С этой мыслью Эверс и заснул, а проснулся уже после полудня, впервые со времен колледжа. Он собрался было сварить овсянку, но передумал и приготовил себе яичницу из трех яиц. Добавил бы и бекон, но бекона не было. Пришлось добавить его в список покупок под магнитом-огурцом на холодильнике.
— Обойдусь сегодня без игры, — сказал Эверс пустой квартире. — Думаю, я лучше…
Услышав южный говор, с каким он произнес последние слова, Эверс в замешательстве запнулся. Подумал, что ни слабоумие, ни болезнь Альцгеймера до него пока не добрались, что, может быть, у него всего лишь обычный, до боли знакомый нервный срыв. Такое объяснение последних событий казалось вполне логичным, но знание — сила. Если ты знаешь, что происходит, то можешь это прекратить, так ведь?
— Думаю, я лучше пойду в кино, — закончил он фразу уже собственным голосом. Тихо. Благоразумно. — Вот и все, что я хотел сказать.

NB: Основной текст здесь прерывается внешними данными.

lemma decode_sum_atom_embedding:
  fixes N :: nat and v :: "nat \<Rightarrow> real^3" and s :: "nat \<Rightarrow> real^'d"
  defines "z \<equiv> \<lambda>c. \<Sum>j\<in>{1..N}. atom_embedding (v j, tilde s j) c"
  shows "decode_features N z = (\<lambda>a. if a \<in> {1..N} then s a else 0)"
    and "decode_positions N z = (\<lambda>a. if a \<in> {1..N} then v a else 0)"
  unfolding decode_features_def decode_positions_def z_def sum_atom_embedding
  by (auto simp: interleave_def vec_eq_iff)

lemma decode_z1:
  assumes "wf_mol N s r"
  shows "decode_features N (z1 N g atom_embedding id s r) = s"
    and "decode_positions N (z1 N g atom_embedding id s r)
           = (\<lambda>j. if j \<in> {1..N} then g (LE N s r 1) *v (r 1 - r j) else 0)"
  using assms unfolding z1_def id_def decode_sum_atom_embedding by (auto simp: wf_mol_def)

lemma wf_mol_perm_rows:
  assumes "wf_mol N s r" "\<pi> permutes {1..N}"
  shows "wf_mol N (perm_rows \<pi> s) (perm_rows \<pi> r)"
proof -
  have "inv \<pi> k = k" if "k \<notin> {1..N}" for k
    using permutes_inv[OF assms(2)] that by (simp add: permutes_not_in)
  then show ?thesis
    using assms(1) by (auto simp: wf_mol_def perm_rows_def)
qed

lemma average_over_permutations_const:
  fixes G :: "(nat \<Rightarrow> nat) \<Rightarrow> 'a::real_vector"
  assumes "\<And>\<pi>. \<pi> permutes {1..n} \<Longrightarrow> G \<pi> = c"
  shows "(1 / fact n) *\<^sub>R (\<Sum>\<pi>\<in>{\<pi>. \<pi> permutes {1..n}}. G \<pi>) = c"
proof -
  have "card {\<pi>. \<pi> permutes {1..n}} = fact n"
    by (rule card_permutations) auto
  then have "(\<Sum>\<pi>\<in>{\<pi>. \<pi> permutes {1..n}}. G \<pi>) = fact n *\<^sub>R c"
    using assms by (simp add: sum_constant_scaleR of_nat_fact)
  then show ?thesis
    by simp
qed

theorem proposition8:
  fixes N :: nat
    and f :: "(nat \<Rightarrow> real^'d) \<Rightarrow> (nat \<Rightarrow> real^3) \<Rightarrow> real^'m"
    and g :: "(((real^'d) \<times> real) \<times> (real^3)) set \<Rightarrow> real^3^3"
  assumes N: "N > 1"
    and f_O3: "\<And>s r Q. wf_mol N s r \<Longrightarrow> Q \<in> O3 \<Longrightarrow> f s (rot_rows Q r) = f s r"
    and f_transl: "\<And>s r t. wf_mol N s r \<Longrightarrow> f s (transl_rows N t r) = f s r"
    and f_perm: "\<And>s r \<pi>. wf_mol N s r \<Longrightarrow> \<pi> permutes {1..N} \<Longrightarrow>
                   f (perm_rows \<pi> s) (perm_rows \<pi> r) = f s r"
    and g_equiv: "\<And>s r i Q. wf_mol N s r \<Longrightarrow> i \<in> {1..N} \<Longrightarrow> Q \<in> O3 \<Longrightarrow>
                   g {(tilde s j, Q *v (r i - r j)) | j. j \<in> {1..N}} = g (LE N s r i) ** transpose Q"
    and g_frame: "\<And>s r i. wf_mol N s r \<Longrightarrow> i \<in> {1..N} \<Longrightarrow>
                   frame_ok (g (LE N s r i)) {r i - r j | j. j \<in> {1..N}}"
  shows "\<exists>(\<phi> :: (real^3) \<times> ((real^'d) \<times> real) \<Rightarrow> (nat \<Rightarrow> real))
           (\<rho> :: (nat \<Rightarrow> real) \<Rightarrow> (nat \<Rightarrow> real))
           (h :: (nat \<Rightarrow> real) \<Rightarrow> real^'m).
     (let F = (\<lambda>s r. (1 / fact N) *\<^sub>R
                (\<Sum>\<pi>\<in>{\<pi>. \<pi> permutes {1..N}}. h (z1 N g \<phi> \<rho> (perm_rows \<pi> s) (perm_rows \<pi> r))))
      in (\<forall>s r \<pi>. wf_mol N s r \<longrightarrow> \<pi> permutes {1..N} \<longrightarrow>
            F (perm_rows \<pi> s) (perm_rows \<pi> r) = F s r)
       \<and> (\<forall>s r. wf_mol N s r \<longrightarrow> F s r = f s r))"
proof -
  define h where "h z = f (decode_features N z) (decode_positions N z)" for z
  have one: "1 \<in> {1..N}"
    using N by simp
  have decodes: "h (z1 N g atom_embedding id s r) = f s r" if wf: "wf_mol N s r" for s r
  proof -
    have "f s r = f s (\<lambda>j. if j \<in> {1..N} then g (LE N s r 1) *v (r 1 - r j) else 0)"
      using rigid_invariant_eq_frame_coordinates[of N f s r] f_O3 f_transl wf g_frame[OF wf one]
      by blast
    then show ?thesis
      unfolding h_def decode_z1[OF wf] by simp
  qed
  have average: "(1 / fact N) *\<^sub>R (\<Sum>\<pi>\<in>{\<pi>. \<pi> permutes {1..N}}.
                   h (z1 N g atom_embedding id (perm_rows \<pi> s) (perm_rows \<pi> r))) = f s r"
    if wf: "wf_mol N s r" for s r
    using decodes wf_mol_perm_rows[OF wf] f_perm[OF wf] by (intro average_over_permutations_const) metis
  show ?thesis
    by (intro exI[of _ atom_embedding] exI[of _ id] exI[of _ h])
       (auto simp: Let_def average wf_mol_perm_rows f_perm simp del: One_nat_def)
qed

end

В конце концов, в кино он решил не идти. Хотя в ближайшей округе находилось в общей сложности двадцать экранов, ни по одному из них не показывали ничего интересного. Вместо этого сходил в «Пабликс» и накупил там полную корзину продуктов (включая фунт толсто порезанного бекона с перцем, который так любила Элли). Эверс было направился к быстрой кассе, но увидев на кассирше футболку «Скатов» с двадцатым номером Мэтта Джойса на спине, повернул и пошел к другой. Стоять в очереди пришлось дольше, но он сказал себе, что это ничего. А еще он совсем не думал о том, что на стадионе прямо сейчас пели национальный гимн. Эверс взял новую книгу Харлана Кобена в мягкой обложке, эдакий литературный бекон к бекону настоящему. На ночь он ее почитает. Бейсболу не сравниться с кобеновскими «ужасами в пригородах», даже когда на поле Джон Лестер выяснял отношения с Мэттом Муром. Да и как Эверс вообще заинтересовался такой скучной и тягучей игрой?